(DATA IN THIS EXERCISE begins)

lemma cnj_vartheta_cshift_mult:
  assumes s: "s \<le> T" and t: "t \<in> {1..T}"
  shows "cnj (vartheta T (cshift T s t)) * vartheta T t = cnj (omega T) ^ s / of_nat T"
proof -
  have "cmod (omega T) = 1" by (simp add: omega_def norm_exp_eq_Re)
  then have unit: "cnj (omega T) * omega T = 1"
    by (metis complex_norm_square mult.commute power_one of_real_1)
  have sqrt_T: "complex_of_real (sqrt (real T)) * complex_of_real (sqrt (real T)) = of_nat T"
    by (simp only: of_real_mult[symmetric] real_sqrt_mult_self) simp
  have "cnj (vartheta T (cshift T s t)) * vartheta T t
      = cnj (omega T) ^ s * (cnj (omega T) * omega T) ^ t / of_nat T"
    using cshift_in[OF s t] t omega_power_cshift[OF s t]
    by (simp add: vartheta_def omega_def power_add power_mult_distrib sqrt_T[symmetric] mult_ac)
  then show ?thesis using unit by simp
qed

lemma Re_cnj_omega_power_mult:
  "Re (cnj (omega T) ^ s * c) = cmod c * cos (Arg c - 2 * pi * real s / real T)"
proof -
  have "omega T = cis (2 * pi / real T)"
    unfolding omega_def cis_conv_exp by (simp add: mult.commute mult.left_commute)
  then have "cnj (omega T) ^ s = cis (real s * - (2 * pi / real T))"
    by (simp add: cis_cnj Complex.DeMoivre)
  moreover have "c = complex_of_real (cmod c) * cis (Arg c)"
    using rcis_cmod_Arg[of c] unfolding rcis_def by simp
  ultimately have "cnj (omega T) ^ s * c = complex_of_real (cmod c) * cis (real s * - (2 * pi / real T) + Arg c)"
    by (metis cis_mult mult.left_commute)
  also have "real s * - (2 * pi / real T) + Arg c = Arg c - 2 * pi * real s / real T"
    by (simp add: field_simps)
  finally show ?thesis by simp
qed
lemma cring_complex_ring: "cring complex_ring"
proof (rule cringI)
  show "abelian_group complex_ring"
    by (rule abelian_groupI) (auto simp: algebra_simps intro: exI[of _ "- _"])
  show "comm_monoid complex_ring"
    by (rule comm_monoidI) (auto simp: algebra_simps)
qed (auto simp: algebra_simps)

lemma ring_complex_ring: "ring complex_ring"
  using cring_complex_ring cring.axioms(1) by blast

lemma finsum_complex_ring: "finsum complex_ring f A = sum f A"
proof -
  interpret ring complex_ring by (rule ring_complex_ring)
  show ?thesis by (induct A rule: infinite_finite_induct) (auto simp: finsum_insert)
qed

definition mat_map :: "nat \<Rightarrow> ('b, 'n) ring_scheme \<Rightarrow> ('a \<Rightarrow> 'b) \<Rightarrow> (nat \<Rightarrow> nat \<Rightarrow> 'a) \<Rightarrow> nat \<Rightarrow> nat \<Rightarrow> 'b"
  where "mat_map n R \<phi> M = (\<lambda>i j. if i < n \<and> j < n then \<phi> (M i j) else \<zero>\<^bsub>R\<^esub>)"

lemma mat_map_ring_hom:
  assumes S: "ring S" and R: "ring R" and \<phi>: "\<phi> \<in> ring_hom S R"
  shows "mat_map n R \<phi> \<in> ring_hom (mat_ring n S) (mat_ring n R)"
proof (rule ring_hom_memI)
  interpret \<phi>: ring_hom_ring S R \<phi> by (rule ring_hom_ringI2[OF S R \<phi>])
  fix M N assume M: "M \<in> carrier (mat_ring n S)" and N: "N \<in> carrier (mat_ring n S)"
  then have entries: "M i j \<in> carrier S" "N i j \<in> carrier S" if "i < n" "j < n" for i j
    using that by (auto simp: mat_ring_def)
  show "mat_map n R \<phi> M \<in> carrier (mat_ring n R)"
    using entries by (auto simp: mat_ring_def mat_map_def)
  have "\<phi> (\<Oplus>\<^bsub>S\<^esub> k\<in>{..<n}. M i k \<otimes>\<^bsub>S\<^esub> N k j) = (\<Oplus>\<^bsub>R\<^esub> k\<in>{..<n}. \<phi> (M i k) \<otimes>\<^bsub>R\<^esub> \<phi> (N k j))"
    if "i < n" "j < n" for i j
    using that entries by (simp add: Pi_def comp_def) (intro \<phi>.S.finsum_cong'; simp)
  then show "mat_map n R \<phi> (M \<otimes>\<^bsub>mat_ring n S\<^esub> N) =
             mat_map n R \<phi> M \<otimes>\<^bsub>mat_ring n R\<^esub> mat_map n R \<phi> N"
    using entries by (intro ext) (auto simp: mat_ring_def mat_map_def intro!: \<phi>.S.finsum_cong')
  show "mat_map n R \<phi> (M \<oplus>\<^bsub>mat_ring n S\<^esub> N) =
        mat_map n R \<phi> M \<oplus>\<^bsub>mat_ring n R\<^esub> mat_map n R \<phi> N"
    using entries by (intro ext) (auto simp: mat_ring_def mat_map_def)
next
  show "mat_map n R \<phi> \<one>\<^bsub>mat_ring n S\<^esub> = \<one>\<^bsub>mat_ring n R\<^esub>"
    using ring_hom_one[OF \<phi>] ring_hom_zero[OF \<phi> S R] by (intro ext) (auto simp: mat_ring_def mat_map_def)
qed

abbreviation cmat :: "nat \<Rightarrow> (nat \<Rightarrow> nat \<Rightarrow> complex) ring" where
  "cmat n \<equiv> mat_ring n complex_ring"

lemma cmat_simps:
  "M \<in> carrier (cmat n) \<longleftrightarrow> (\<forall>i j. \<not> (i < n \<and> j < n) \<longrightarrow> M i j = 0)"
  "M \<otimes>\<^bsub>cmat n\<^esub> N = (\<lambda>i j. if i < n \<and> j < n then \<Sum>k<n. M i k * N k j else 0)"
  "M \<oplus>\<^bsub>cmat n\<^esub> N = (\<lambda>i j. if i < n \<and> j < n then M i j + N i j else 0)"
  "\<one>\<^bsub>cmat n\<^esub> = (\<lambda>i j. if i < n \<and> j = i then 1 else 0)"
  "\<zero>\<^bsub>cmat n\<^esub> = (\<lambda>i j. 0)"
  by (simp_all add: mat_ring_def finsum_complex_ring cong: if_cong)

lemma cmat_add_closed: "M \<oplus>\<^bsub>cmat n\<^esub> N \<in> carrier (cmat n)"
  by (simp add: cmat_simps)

(DATA IN THIS EXERCISE ends)

## TASK ITEM
From the first line to the last, copy the data exactly.

## TASK RESULT
lemma cnj_vartheta_cshift_mult:
  assumes s: "s \<le> T" and t: "t \<in> {1..T}"
  shows "cnj (vartheta T (cshift T s t)) * vartheta T t = cnj (omega T) ^ s / of_nat T"
proof -
  have "cmod (omega T) = 1" by (simp add: omega_def norm_exp_eq_Re)
  then have unit: "cnj (omega T) * omega T = 1"
    by (metis complex_norm_square mult.commute power_one of_real_1)
  have sqrt_T: "complex_of_real (sqrt (real T)) * complex_of_real (sqrt (real T)) = of_nat T"
    by (simp only: of_real_mult[symmetric] real_sqrt_mult_self) simp
  have "cnj (vartheta T (cshift T s t)) * vartheta T t
      = cnj (omega T) ^ s * (cnj (omega T) * omega T) ^ t / of_nat T"
    using cshift_in[OF s t] t omega_power_cshift[OF s t]
    by (simp add: vartheta_def omega_def power_add power_mult_distrib sqrt_T[symmetric] mult_ac)
  then show ?thesis using unit by simp
qed

lemma Re_cnj_omega_power_mult:
  "Re (cnj (omega T) ^ s * c) = cmod c * cos (Arg c - 2 * pi * real s / real T)"
proof -
  have "omega T = cis (2 * pi / real T)"
    unfolding omega_def cis_conv_exp by (simp add: mult.commute mult.left_commute)
  then have "cnj (omega T) ^ s = cis (real s * - (2 * pi / real T))"
    by (simp add: cis_cnj Complex.DeMoivre)
  moreover have "c = complex_of_real (cmod c) * cis (Arg c)"
    using rcis_cmod_Arg[of c] unfolding rcis_def by simp
  ultimately have "cnj (omega T) ^ s * c = complex_of_real (cmod c) * cis (real s * - (2 * pi / real T) + Arg c)"
    by (metis cis_mult mult.left_commute)
  also have "real s * - (2 * pi / real T) + Arg c = Arg c - 2 * pi * real s / real T"
    by (simp add: field_simps)
  finally show ?thesis by simp
qed
lemma cring_complex_ring: "cring complex_ring"
proof (rule cringI)
  show "abelian_group complex_ring"
    by (rule abelian_groupI) (auto simp: algebra_simps intro: exI[of _ "- _"])
  show "comm_monoid complex_ring"
    by (rule comm_monoidI) (auto simp: algebra_simps)
qed (auto simp: algebra_simps)

lemma ring_complex_ring: "ring complex_ring"
  using cring_complex_ring cring.axioms(1) by blast

lemma finsum_complex_ring: "finsum complex_ring f A = sum f A"
proof -
  interpret ring complex_ring by (rule ring_complex_ring)
  show ?thesis by (induct A rule: infinite_finite_induct) (auto simp: finsum_insert)
qed

definition mat_map :: "nat \<Rightarrow> ('b, 'n) ring_scheme \<Rightarrow> ('a \<Rightarrow> 'b) \<Rightarrow> (nat \<Rightarrow> nat \<Rightarrow> 'a) \<Rightarrow> nat \<Rightarrow> nat \<Rightarrow> 'b"
  where "mat_map n R \<phi> M = (\<lambda>i j. if i < n \<and> j < n then \<phi> (M i j) else \<zero>\<^bsub>R\<^esub>)"

lemma mat_map_ring_hom:
  assumes S: "ring S" and R: "ring R" and \<phi>: "\<phi> \<in> ring_hom S R"
  shows "mat_map n R \<phi> \<in> ring_hom (mat_ring n S) (mat_ring n R)"
proof (rule ring_hom_memI)
  interpret \<phi>: ring_hom_ring S R \<phi> by (rule ring_hom_ringI2[OF S R \<phi>])
  fix M N assume M: "M \<in> carrier (mat_ring n S)" and N: "N \<in> carrier (mat_ring n S)"
  then have entries: "M i j \<in> carrier S" "N i j \<in> carrier S" if "i < n" "j < n" for i j
    using that by (auto simp: mat_ring_def)
  show "mat_map n R \<phi> M \<in> carrier (mat_ring n R)"
    using entries by (auto simp: mat_ring_def mat_map_def)
  have "\<phi> (\<Oplus>\<^bsub>S\<^esub> k\<in>{..<n}. M i k \<otimes>\<^bsub>S\<^esub> N k j) = (\<Oplus>\<^bsub>R\<^esub> k\<in>{..<n}. \<phi> (M i k) \<otimes>\<^bsub>R\<^esub> \<phi> (N k j))"
    if "i < n" "j < n" for i j
    using that entries by (simp add: Pi_def comp_def) (intro \<phi>.S.finsum_cong'; simp)
  then show "mat_map n R \<phi> (M \<otimes>\<^bsub>mat_ring n S\<^esub> N) =
             mat_map n R \<phi> M \<otimes>\<^bsub>mat_ring n R\<^esub> mat_map n R \<phi> N"
    using entries by (intro ext) (auto simp: mat_ring_def mat_map_def intro!: \<phi>.S.finsum_cong')
  show "mat_map n R \<phi> (M \<oplus>\<^bsub>mat_ring n S\<^esub> N) =
        mat_map n R \<phi> M \<oplus>\<^bsub>mat_ring n R\<^esub> mat_map n R \<phi> N"
    using entries by (intro ext) (auto simp: mat_ring_def mat_map_def)
next
  show "mat_map n R \<phi> \<one>\<^bsub>mat_ring n S\<^esub> = \<one>\<^bsub>mat_ring n R\<^esub>"
    using ring_hom_one[OF \<phi>] ring_hom_zero[OF \<phi> S R] by (intro ext) (auto simp: mat_ring_def mat_map_def)
qed

abbreviation cmat :: "nat \<Rightarrow> (nat \<Rightarrow> nat \<Rightarrow> complex) ring" where
  "cmat n \<equiv> mat_ring n complex_ring"

lemma cmat_simps:
  "M \<in> carrier (cmat n) \<longleftrightarrow> (\<forall>i j. \<not> (i < n \<and> j < n) \<longrightarrow> M i j = 0)"
  "M \<otimes>\<^bsub>cmat n\<^esub> N = (\<lambda>i j. if i < n \<and> j < n then \<Sum>k<n. M i k * N k j else 0)"
  "M \<oplus>\<^bsub>cmat n\<^esub> N = (\<lambda>i j. if i < n \<and> j < n then M i j + N i j else 0)"
  "\<one>\<^bsub>cmat n\<^esub> = (\<lambda>i j. if i < n \<and> j = i then 1 else 0)"
  "\<zero>\<^bsub>cmat n\<^esub> = (\<lambda>i j. 0)"
  by (simp_all add: mat_ring_def finsum_complex_ring cong: if_cong)

lemma cmat_add_closed: "M \<oplus>\<^bsub>cmat n\<^esub> N \<in> carrier (cmat n)"
  by (simp add: cmat_simps)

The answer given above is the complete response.